### PROBLEM REQUIREMENTS
From the entries below, pull out each line where "rule" appears.
Start of Block
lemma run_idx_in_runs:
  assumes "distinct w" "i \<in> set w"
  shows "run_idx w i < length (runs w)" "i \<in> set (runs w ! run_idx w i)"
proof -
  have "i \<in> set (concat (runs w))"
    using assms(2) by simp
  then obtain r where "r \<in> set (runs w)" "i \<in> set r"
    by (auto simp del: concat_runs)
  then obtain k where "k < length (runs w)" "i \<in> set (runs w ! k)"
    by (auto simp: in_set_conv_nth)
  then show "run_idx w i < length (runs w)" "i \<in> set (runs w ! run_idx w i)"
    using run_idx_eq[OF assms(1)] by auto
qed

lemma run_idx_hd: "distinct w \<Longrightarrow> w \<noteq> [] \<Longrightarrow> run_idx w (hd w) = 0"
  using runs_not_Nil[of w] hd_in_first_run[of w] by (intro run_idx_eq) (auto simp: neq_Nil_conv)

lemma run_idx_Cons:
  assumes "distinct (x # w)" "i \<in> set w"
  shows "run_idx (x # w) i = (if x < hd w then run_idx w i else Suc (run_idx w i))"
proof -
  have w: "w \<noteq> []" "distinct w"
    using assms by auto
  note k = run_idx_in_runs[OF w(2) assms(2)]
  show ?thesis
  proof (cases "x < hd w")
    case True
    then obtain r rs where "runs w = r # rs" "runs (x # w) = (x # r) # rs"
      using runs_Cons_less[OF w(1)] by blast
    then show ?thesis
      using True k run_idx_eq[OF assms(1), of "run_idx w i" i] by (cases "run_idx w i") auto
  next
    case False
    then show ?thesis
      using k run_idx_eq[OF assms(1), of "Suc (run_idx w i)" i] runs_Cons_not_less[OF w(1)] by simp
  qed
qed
End of Block
Start of Block
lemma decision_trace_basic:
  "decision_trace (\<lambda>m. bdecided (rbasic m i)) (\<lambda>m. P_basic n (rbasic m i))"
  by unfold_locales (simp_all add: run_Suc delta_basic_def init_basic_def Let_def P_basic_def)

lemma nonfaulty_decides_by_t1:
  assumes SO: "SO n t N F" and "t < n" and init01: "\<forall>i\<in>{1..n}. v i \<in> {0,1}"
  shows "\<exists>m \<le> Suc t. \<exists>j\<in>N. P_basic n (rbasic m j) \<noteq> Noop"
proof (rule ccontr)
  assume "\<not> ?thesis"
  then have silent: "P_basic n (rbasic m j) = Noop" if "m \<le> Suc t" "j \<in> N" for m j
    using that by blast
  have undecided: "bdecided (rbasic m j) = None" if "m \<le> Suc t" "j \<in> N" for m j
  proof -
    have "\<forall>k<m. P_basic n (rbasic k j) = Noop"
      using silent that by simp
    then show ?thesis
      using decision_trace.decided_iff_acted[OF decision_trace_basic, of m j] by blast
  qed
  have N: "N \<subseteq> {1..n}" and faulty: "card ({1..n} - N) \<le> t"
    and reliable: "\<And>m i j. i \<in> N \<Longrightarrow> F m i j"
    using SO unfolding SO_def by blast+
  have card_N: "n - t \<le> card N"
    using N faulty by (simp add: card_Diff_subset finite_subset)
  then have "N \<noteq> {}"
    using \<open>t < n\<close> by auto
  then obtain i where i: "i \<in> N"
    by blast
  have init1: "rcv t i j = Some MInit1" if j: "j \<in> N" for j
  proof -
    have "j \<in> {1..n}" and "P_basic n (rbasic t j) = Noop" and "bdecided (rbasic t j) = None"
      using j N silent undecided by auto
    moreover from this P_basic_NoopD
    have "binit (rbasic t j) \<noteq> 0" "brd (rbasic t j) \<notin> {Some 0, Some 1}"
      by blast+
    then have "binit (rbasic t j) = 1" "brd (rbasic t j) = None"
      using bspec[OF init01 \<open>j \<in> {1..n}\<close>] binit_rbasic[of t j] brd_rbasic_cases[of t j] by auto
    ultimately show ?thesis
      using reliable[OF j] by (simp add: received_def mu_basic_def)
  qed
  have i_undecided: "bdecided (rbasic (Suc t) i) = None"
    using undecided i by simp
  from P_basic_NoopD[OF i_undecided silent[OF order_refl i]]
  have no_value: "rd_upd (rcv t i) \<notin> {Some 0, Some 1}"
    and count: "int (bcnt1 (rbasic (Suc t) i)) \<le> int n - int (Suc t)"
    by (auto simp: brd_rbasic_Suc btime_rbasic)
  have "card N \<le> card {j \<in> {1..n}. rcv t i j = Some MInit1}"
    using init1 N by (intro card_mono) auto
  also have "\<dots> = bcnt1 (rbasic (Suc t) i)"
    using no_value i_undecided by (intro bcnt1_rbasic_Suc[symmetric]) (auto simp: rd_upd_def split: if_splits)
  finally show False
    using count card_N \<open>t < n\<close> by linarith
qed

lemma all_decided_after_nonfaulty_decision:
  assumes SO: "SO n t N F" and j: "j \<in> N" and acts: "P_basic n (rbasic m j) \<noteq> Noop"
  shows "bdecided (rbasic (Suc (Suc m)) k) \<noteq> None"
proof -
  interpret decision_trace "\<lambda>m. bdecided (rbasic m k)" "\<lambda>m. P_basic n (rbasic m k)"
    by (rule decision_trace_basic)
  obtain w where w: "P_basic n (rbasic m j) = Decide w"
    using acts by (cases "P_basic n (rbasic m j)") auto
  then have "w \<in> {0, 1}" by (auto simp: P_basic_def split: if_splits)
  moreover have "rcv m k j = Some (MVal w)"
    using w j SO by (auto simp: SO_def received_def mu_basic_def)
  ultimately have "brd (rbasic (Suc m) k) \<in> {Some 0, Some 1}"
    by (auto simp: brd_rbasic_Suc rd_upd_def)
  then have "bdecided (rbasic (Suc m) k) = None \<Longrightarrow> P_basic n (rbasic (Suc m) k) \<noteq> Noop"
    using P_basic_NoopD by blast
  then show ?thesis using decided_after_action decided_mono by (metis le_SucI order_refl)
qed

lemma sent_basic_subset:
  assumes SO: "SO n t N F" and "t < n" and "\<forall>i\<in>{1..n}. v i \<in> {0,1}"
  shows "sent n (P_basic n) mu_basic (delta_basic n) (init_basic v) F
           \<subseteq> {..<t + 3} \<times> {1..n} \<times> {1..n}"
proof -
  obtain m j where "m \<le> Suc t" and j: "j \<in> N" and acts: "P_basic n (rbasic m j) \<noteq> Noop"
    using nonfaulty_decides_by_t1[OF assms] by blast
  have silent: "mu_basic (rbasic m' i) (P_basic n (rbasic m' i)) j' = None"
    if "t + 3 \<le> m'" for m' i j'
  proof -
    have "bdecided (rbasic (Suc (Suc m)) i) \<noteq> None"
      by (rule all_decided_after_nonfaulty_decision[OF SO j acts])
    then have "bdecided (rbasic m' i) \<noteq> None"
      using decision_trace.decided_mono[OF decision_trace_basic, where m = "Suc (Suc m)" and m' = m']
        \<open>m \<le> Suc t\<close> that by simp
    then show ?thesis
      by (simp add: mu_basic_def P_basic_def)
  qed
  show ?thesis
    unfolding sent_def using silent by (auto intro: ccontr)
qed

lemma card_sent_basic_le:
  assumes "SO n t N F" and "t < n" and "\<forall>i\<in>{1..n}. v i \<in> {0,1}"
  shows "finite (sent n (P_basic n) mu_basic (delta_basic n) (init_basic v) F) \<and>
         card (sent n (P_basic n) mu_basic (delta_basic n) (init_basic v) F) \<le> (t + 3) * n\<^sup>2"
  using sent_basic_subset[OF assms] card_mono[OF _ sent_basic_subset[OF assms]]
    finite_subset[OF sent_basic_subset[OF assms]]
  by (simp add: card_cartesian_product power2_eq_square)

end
End of Block
Start of Block
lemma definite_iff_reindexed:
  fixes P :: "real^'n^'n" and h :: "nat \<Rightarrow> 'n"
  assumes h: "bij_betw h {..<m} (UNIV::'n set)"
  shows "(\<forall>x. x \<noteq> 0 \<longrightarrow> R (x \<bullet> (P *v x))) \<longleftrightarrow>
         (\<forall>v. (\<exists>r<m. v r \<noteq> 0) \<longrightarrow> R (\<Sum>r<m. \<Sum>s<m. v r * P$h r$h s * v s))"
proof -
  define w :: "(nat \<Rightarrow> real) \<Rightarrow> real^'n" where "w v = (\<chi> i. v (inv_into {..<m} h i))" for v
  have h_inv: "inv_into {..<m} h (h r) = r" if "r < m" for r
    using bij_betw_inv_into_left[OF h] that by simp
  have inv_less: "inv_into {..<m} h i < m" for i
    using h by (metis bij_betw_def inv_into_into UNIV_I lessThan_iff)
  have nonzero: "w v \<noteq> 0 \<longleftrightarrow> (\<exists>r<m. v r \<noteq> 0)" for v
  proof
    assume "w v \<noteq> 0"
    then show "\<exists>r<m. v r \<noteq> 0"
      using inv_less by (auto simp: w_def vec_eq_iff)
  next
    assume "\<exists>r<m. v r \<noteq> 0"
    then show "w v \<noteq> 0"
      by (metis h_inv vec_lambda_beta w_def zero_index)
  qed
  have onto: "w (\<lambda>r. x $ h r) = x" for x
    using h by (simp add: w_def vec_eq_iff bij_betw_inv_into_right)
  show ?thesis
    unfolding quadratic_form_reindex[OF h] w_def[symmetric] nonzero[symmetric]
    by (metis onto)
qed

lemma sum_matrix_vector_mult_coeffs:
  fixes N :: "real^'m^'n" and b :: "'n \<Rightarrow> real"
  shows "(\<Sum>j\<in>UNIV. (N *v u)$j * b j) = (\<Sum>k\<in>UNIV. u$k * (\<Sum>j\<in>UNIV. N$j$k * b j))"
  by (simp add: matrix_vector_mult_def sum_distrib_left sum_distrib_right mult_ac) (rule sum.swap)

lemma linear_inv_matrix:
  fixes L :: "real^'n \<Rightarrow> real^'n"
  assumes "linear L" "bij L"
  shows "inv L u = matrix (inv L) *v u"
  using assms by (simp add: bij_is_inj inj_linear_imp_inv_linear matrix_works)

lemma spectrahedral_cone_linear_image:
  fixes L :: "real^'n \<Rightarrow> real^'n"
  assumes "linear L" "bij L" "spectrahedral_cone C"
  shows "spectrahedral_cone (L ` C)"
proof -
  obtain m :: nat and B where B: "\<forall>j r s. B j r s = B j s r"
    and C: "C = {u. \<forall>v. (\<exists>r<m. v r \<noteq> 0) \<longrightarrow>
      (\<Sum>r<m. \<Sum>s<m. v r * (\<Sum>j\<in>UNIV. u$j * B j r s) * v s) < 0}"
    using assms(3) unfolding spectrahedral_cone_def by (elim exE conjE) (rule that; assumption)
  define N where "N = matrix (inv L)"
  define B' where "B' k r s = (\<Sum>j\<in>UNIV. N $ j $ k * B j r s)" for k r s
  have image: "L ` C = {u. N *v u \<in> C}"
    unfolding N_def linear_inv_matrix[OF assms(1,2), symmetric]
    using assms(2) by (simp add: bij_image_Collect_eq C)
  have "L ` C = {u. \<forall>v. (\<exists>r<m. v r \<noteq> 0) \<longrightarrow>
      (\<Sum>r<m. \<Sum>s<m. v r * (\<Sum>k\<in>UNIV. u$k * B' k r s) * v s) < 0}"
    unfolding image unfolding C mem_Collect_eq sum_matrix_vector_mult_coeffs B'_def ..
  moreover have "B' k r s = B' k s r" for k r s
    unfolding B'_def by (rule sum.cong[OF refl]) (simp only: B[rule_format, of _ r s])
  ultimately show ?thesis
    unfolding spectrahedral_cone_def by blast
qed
End of Block
### WRITTEN RESPONSE
proof (rule ccontr)
    by (rule decision_trace_basic)
      by (rule all_decided_after_nonfaulty_decision[OF SO j acts])
  by (simp add: matrix_vector_mult_def sum_distrib_left sum_distrib_right mult_ac) (rule sum.swap)
    using assms(3) unfolding spectrahedral_cone_def by (elim exE conjE) (rule that; assumption)
    unfolding B'_def by (rule sum.cong[OF refl]) (simp only: B[rule_format, of _ r s])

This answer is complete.